All Products
Search
Document Center

Dataphin:Create HIVE_SQL task

Last Updated:Jan 21, 2025

This topic outlines the steps to create an offline computing task using HIVE_SQL on Dataphin.

Background information

HIVE_SQL tasks are ideal for processing existing data to produce results tailored to specific business requirements.

Procedure

  1. On the Dataphin home page, navigate to the top menu bar and select Development > Data Development.

  2. At the top menu bar of the Development page, select Project (Dev-Prod mode requires selecting an environment).

  3. In the left-side navigation pane, choose Data Processing > Script Task. In the Script Task list, click the image icon and select HIVE_SQL.

  4. In the New HIVE_SQL Task dialog box, configure the following parameters:

    Parameter

    Description

    Task Name

    Enter the name for the offline computing task, ensuring it does not exceed 256 characters. The name must not contain vertical lines (|), forward slashes (/), backslashes (\), colons (:), question marks (?), angle brackets (<>), asterisks (*), or quotation marks (").

    The length must be 256 characters or fewer. Unsupported characters include vertical lines (|), forward slashes (/), backslashes (\), colons (:), question marks (?), angle brackets (<>), asterisks (*), and quotation marks (").

    Schedule Type

    Choose the task's schedule type. Options for Schedule Type include:

    • Recurring Task: Automatically included in the system's periodic scheduling.

    • One-Time Task: Requires manual initiation.

    Select Directory

    Choose the directory to store the task. If no directory exists, create one as follows:

    If no directory exists, Create Folder by following these steps:

    1. Click the image icon above the task list on the left to open the Create Folder dialog box.

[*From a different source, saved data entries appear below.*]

lemma eventually_overlap_ge_exp_chernoff:
  assumes "\<epsilon> > 0"
  shows "\<forall>\<^sub>F n in sequentially. exp (real n * (- chernoff - \<epsilon>)) \<le> overlap n"
proof -
  define \<delta> where "\<delta> = exp (- chernoff) * (1 - exp (- (\<epsilon> / 2)))"
  have "\<delta> > 0" using assms by (simp add: \<delta>_def)
  then have "min \<delta> (affinity 0 / 2) > 0" using affinity_pos[of 0] by simp
  then obtain K
    where K: "\<And>a. a \<in> {0..1} \<Longrightarrow> affinity a - trunc_affinity K a \<le> min \<delta> (affinity 0 / 2)"
    using trunc_affinity_uniform_approx by blast
  have "(\<integral>x. trunc_weight K x \<partial>M) > 0"
    using K[of 0] affinity_pos[of 0] by (simp add: trunc_affinity_def)
  then obtain \<alpha> where \<alpha>: "\<alpha> \<in> {0..1}"
    and ev: "\<forall>\<^sub>F n in sequentially. exp (real n * (ln (trunc_affinity K \<alpha>) - \<epsilon> / 2)) \<le> overlap n"
    using eventually_overlap_ge_trunc_affinity[of K "\<epsilon> / 2"] assms by auto
  have "exp (- chernoff - \<epsilon> / 2) = exp (- chernoff) - \<delta>"
    by (simp add: \<delta>_def algebra_simps flip: exp_add)
  also have "\<dots> \<le> affinity \<alpha> - \<delta>"
    using neg_chernoff_le_ln_affinity[OF \<alpha>] affinity_pos[OF \<alpha>] by (simp add: ln_ge_iff)
  also have "\<dots> \<le> trunc_affinity K \<alpha>" using K[OF \<alpha>] by simp
  finally have "- chernoff - \<epsilon> / 2 \<le> ln (trunc_affinity K \<alpha>)"
    by (metis exp_gt_zero less_le_trans ln_ge_iff)
  then have "real n * (- chernoff - \<epsilon>) \<le> real n * (ln (trunc_affinity K \<alpha>) - \<epsilon> / 2)" for n
    by (intro mult_left_mono) auto
  with ev show ?thesis by (elim eventually_mono) (meson exp_le_cancel_iff order_trans)
qed

lemma overlap_exp_chernoff:
  "\<exists>e :: nat \<Rightarrow> real. e \<in> o(\<lambda>n. real n) \<and>
    (\<forall>\<^sub>F n in sequentially. overlap n = exp (- real n * chernoff + e n))"
  using overlap_le_exp_chernoff eventually_overlap_ge_exp_chernoff
  by (intro exp_little_o_of_exp_bounds) auto

end

theorem corollary3p2:
  fixes M :: "'a::polish_space measure"
    and p q \<phi> :: "'a \<Rightarrow> real"
  assumes "sigma_finite_measure M"
    and "sets M = sets borel"
    and "p \<in> borel_measurable M" and "q \<in> borel_measurable M" and "\<phi> \<in> borel_measurable M"
    and "\<And>x. p x \<ge> 0" and "\<And>x. q x \<ge> 0" and "\<And>x. \<phi> x \<ge> 0"
    and "(\<integral>\<^sup>+x. ennreal (p x) \<partial>M) = 1" and "(\<integral>\<^sup>+x. ennreal (q x) \<partial>M) = 1"
    and "AE x in M. p x > 0" and "AE x in M. q x > 0"
    and "\<And>\<alpha>. \<alpha> \<in> {0..1} \<Longrightarrow> 0 < rho_w M \<phi> p q \<alpha> \<and> rho_w M \<phi> p q \<alpha> < \<infinity>"
  shows "\<exists>e :: nat \<Rightarrow> real. e \<in> o(\<lambda>n. real n) \<and>
    (\<forall>\<^sub>F n in sequentially. TV_phi M \<phi> p q n =
        (1/2) * ((E_phi M \<phi> p) ^ n + (E_phi M \<phi> q) ^ n)
        - exp (- real n * chernoff_w M \<phi> p q + e n))"
proof -
  note [measurable] = assms(3-5)
  have "integrable M (\<lambda>x. \<phi> x * p x)"
    using rho_w_one[OF assms(6,12)] assms(6,8) assms(13)[of 1]
    by (intro integrableI_nonneg) (auto simp: less_top)
  moreover have "integrable M (\<lambda>x. \<phi> x * q x)"
    using rho_w_zero[OF assms(7,11)] assms(7,8) assms(13)[of 0]
    by (intro integrableI_nonneg) (auto simp: less_top)
  ultimately interpret weighted_densities M p q \<phi>
    unfolding weighted_densities_def using assms(1,3-8) by blast
  interpret positive_affinity M p q \<phi>
    using assms(13) by unfold_locales (simp add: rho_w_eq_affinity)
  show ?thesis
    using overlap_exp_chernoff by (simp add: TV_phi_eq_overlap chernoff_w_eq_chernoff)
qed

end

    2. In the Create Folder dialog, enter the folder Name and choose the Directory location as needed.

    3. Select Confirm.

    Use Template

    Toggle the Use Template switch to decide whether to apply a code template. If enabled, also select the Template and its Version.

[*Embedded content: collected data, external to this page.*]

(* Let $\mathcal{X},\mathcal{Y}$ be Polish spaces, let $\mathcal{S}=\{p_1,\ldots,p_{|\mathcal{S}|}\}$ be a finite set of probability measures on $\mathcal{X}$, let $\mathcal{H}=\{h_i\}_{i=1}^M$ be a finite set of real-valued functions on the space $\mathcal{M}_1(\mathcal{X}\times\mathcal{Y})$ of joint distributions, and let $\theta\in\mathbb{R}^M$ be the associated constraint levels. Then a rate $R$ is robust one-shot achievable only if $R\ge\bar{R}(\theta)$.
   Context: A conditional distribution $Q_{Y|X}$ is a stochastic kernel from $\mathcal{X}$ to $\mathcal{Y}$; for $\mu_X\in\mathcal{M}_1(\mathcal{X})$, $\mu_XQ_{Y|X}$ denotes the induced joint law and $I(\mu_X,Q_{Y|X})$ its mutual information. The set $\mathcal{L}(\theta)$ consists of all conditional distributions $Q_{Y|X}$ such that $h_i[\mu_XQ_{Y|X}]\le\theta_i$ for all $\mu_X\in\mathcal{S}$ and all $i\in\{1,\ldots,M\}$. The robust information rate function is $\bar{R}(\theta)=\inf_{Q_{Y|X}\in\mathcal{L}(\theta)}\sup_{\mu_X\in\mathcal{S}}I(\mu_X,Q_{Y|X})$. A rate $R$ is robust one-shot achievable if there exist an encoder $f:\mathcal{X}\times\mathcal{Z}\to\mathbb{N}_0$, a decoder $g:\mathbb{N}_0\times\mathcal{Z}\to\mathcal{Y}$ and a random variable $Z$ valued in a set $\mathcal{Z}$ (common randomness, independent of the source) such that for every $\mu_X\in\mathcal{S}$, with $X\sim\mu_X$, $M=f(X,Z)$ and $Y=g(M,Z)$, one has $H(M\mid Z)\le R$ and the induced joint distribution $P_{X,Y}$ satisfies $h_i(P_{X,Y})\le\theta_i$ for all $i$. *)

theory Defs
  imports "HOL-Probability.Probability"
begin

definition prob_on :: "'a::topological_space measure \<Rightarrow> bool" where
  "prob_on \<mu> \<longleftrightarrow> sets \<mu> = sets borel \<and> prob_space \<mu>"

definition stoch_kernel :: "('a::topological_space \<Rightarrow> 'b::topological_space measure) \<Rightarrow> bool" where
  "stoch_kernel K \<longleftrightarrow> K \<in> borel \<rightarrow>\<^sub>M prob_algebra borel"

definition joint_law ::
  "'a::topological_space measure \<Rightarrow> ('a \<Rightarrow> 'b::topological_space measure) \<Rightarrow> ('a \<times> 'b) measure" where
  "joint_law \<mu> K = \<mu> \<bind> (\<lambda>x. distr (K x) (borel \<Otimes>\<^sub>M borel) (\<lambda>y. (x, y)))"

text \<open>For probability
  measures, int (t ln t) dQ = int (t ln t - t + 1) dQ with t = dP/dQ, the latter
  integrand being nonnegative.\<close>
definition KL_div :: "'a measure \<Rightarrow> 'a measure \<Rightarrow> ereal" where
  "KL_div P Q =
    (if absolutely_continuous Q P
     then enn2ereal (\<integral>\<^sup>+ x. ennreal (let t = enn2real (RN_deriv Q P x) in t * ln t - t + 1) \<partial>Q)
     else \<infinity>)"

definition mutual_info ::
  "'a::topological_space measure \<Rightarrow> ('a \<Rightarrow> 'b::topological_space measure) \<Rightarrow> ereal" where
  "mutual_info \<mu> K =
     KL_div (joint_law \<mu> K) (\<mu> \<Otimes>\<^sub>M distr (joint_law \<mu> K) borel snd)"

    Utilize reference code templates for streamlined development. The template's task code is read-only and cannot be modified. Simply configure the template parameters to finalize code development. For more information, see Create an offline computing template.

    Description

    Provide a brief description of the task within 1000 characters.

  5. Select Confirm.

  6. In the code editing area of the current HIVE_SQL task tab, compose the HIVE_SQL offline computing task code. Once the code is complete, click Precompile to check the HIVE_SQL code syntax.

  7. After precompiling the code, click Run to execute the code.

  8. Click Attribute in the sidebar to set the task Attributes, which include Basic Information, Runtime Parameter, Schedule Attribute (for Recurring Tasks), Schedule Dependency (for Recurring Tasks), Runtime Configuration, and Resource Configuration.

    • Basic Information

      This section is for defining the scheduled task's name, assigning the responsible individual, and providing a description along with other fundamental details. For guidance on configuration, see Configure basic task information.

    • Runtime Parameter

      When your task utilizes parameter variables, you can set values for these parameters in the attributes. This allows for the automatic substitution of the parameter variables with their respective values during node scheduling. For guidance on configuration, see Parameter configuration and use of node parameters.

    • Schedule Attribute (Recurring Task)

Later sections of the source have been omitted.